Data excerpts →
▽

lemma cartan3_reflect_cyclic:
  assumes "lagrangian_subalgebra B L" and "a \<in> L" "b \<in> L" "c \<in> L"
  shows "cartan3 B a (reflect_dual b) (reflect_dual c)
    + cartan3 B b (reflect_dual c) (reflect_dual a) + cartan3 B c (reflect_dual a) (reflect_dual b) = 0"
proof -
  have split: "q = (fst q, 0) + (0, snd q)" "reflect_dual q = (fst q, 0) - (0, snd q)"
    for q :: "'n dbl"
    by (simp_all add: reflect_dual_def)
  obtain a1 a2 b1 b2 c1 c2 where
    a: "a = (a1, 0) + (0, a2)" "reflect_dual a = (a1, 0) - (0, a2)" and
    b: "b = (b1, 0) + (0, b2)" "reflect_dual b = (b1, 0) - (0, b2)" and
    c: "c = (c1, 0) + (0, c2)" "reflect_dual c = (c1, 0) - (0, c2)"
    using split by blast
  have "cartan3 B a b c = 0"
    using assms unfolding lagrangian_subalgebra_def cartan3_def by blast
  \<comment> \<open>expanded, the left-hand side below is \<open>4 \<langle>a1, [b1, c1]\<rangle> + 4 \<langle>a2, [b2, c2]\<rangle> - \<langle>a, [b, c]\<rangle>\<close>\<close>
  then have "cartan3 B (reflect_dual a) (reflect_dual b) c
      + cartan3 B (reflect_dual a) b (reflect_dual c) + cartan3 B a (reflect_dual b) (reflect_dual c) = 0"
    unfolding a(2) b(2) c(2) unfolding a(1) b(1) c(1)
    by (simp only: cartan3_add cartan3_diff cartan3_u cartan3_u_dual)
  then show ?thesis
    using cartan3_cyclic[of "reflect_dual a" b "reflect_dual c"]
      cartan3_cyclic[of c "reflect_dual a" "reflect_dual b"]
    by linarith
qed

end

definition ad_chart :: "('n::finite dbl \<Rightarrow> 'n dbl \<Rightarrow> 'n dbl) \<Rightarrow> ('n dbl \<Rightarrow> 'n dbl)
    \<Rightarrow> 'n dbl \<Rightarrow> 'n dbl \<Rightarrow> 'n dbl"
  where "ad_chart B T z p = inv T (B z (T p))"

definition kappa_deriv0 :: "('n::finite dbl \<Rightarrow> 'n dbl \<Rightarrow> 'n dbl) \<Rightarrow> ('n dbl \<Rightarrow> 'n dbl)
    \<Rightarrow> 'n dbl \<Rightarrow> real^'n^'n \<Rightarrow> real^'n^'n"
  where "kappa_deriv0 B T z H = block22 (ad_chart B T z) ** H - H ** block11 (ad_chart B T z)"

definition kappa_dual :: "('n::finite dbl \<Rightarrow> 'n dbl \<Rightarrow> 'n dbl) \<Rightarrow> ('n dbl \<Rightarrow> 'n dbl)
    \<Rightarrow> real^'n^'n \<Rightarrow> 'n dbl"
  where "kappa_dual B T v =
    ((\<chi> i. v \<bullet> kappa_chart B T (eta_u i) 0), (\<chi> i. v \<bullet> kappa_chart B T (e_u i) 0))"

lemma sum_e_u_eta_u:
  "(\<Sum>i\<in>UNIV. c i *\<^sub>R e_u i + d i *\<^sub>R eta_u i) = ((\<chi> i. c i), (\<chi> i. d i))"
  by (simp add: e_u_def eta_u_def prod_eq_iff fst_sum snd_sum sum.distrib vec_eq_iff sum_component
      axis_def mult_delta_right)

locale double_chart = lie_double B for B :: "'n::finite dbl \<Rightarrow> 'n dbl \<Rightarrow> 'n dbl" +
  fixes T :: "'n dbl \<Rightarrow> 'n dbl"
  assumes linear_T: "linear T" and bij_T: "bij T"
begin

lemma linear_inv_T: "linear (inv T)"
  using linear_T bij_T by (simp add: bij_is_inj inj_linear_imp_inv_linear)

lemma inv_T_T [simp]: "inv T (T p) = p"
  using bij_T by (simp add: bij_is_inj)

lemma T_inv_T [simp]: "T (inv T p) = p"
  using bij_T by (simp add: bij_is_surj surj_f_inv_f)

lemma linear_ad_chart: "linear (ad_chart B T z)"
  unfolding ad_chart_def
  using linear_compose[OF linear_T linear_compose[OF
        bilinear_B[unfolded bilinear_def, THEN conjunct1, rule_format] linear_inv_T]]
  by (simp add: o_def)

lemma linear_ad_chart_left: "linear (\<lambda>z. ad_chart B T z p)"
  unfolding ad_chart_def
  using linear_compose[OF bilinear_B[unfolded bilinear_def, THEN conjunct2, rule_format]
      linear_inv_T]
  by (simp add: o_def)

lemma ad_chart_bracket:
  "ad_chart B T (B z w) p
     = ad_chart B T z (ad_chart B T w p) - ad_chart B T w (ad_chart B T z p)"
  unfolding ad_chart_def by (simp add: ad_bracket linear_diff[OF linear_inv_T])

lemma kappa_chart_riccati:
  "kappa_chart B T z X = block21 (ad_chart B T z) + block22 (ad_chart B T z) ** X
     - X ** block11 (ad_chart B T z) - X ** (block12 (ad_chart B T z) ** X)" (is "_ = ?R")
proof -
  have "kappa_chart B T z X $ i $ j = ?R $ i $ j" for i j
  proof -
    have "kappa_chart B T z X $ i $ j = (snd (ad_chart B T z (axis j 1, X *v axis j 1))
        - X *v fst (ad_chart B T z (axis j 1, X *v axis j 1))) $ i"
      by (simp add: kappa_chart_def ad_chart_def Let_def)
    also have "\<dots> = (?R *v axis j 1) $ i"
      by (simp add: linear_block_decomposition[OF linear_ad_chart] algebra_simps
          matrix_vector_mul_assoc)
    finally show ?thesis
      by (simp add: matrix_vector_mult_basis column_def)
  qed
  then show ?thesis
    by (simp add: vec_eq_iff)
qed

lemma kappa_chart_at0: "kappa_chart B T z 0 = block21 (ad_chart B T z)"
  by (simp add: kappa_chart_riccati)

△

Activity → Locate "(?R *v axis" in the data above. Then repeat, exactly, its line and each line after it through the last, adding nothing.

Response →
    also have "\<dots> = (?R *v axis j 1) $ i"
      by (simp add: linear_block_decomposition[OF linear_ad_chart] algebra_simps
          matrix_vector_mul_assoc)
    finally show ?thesis
      by (simp add: matrix_vector_mult_basis column_def)
  qed
  then show ?thesis
    by (simp add: vec_eq_iff)
qed

lemma kappa_chart_at0: "kappa_chart B T z 0 = block21 (ad_chart B T z)"
  by (simp add: kappa_chart_riccati)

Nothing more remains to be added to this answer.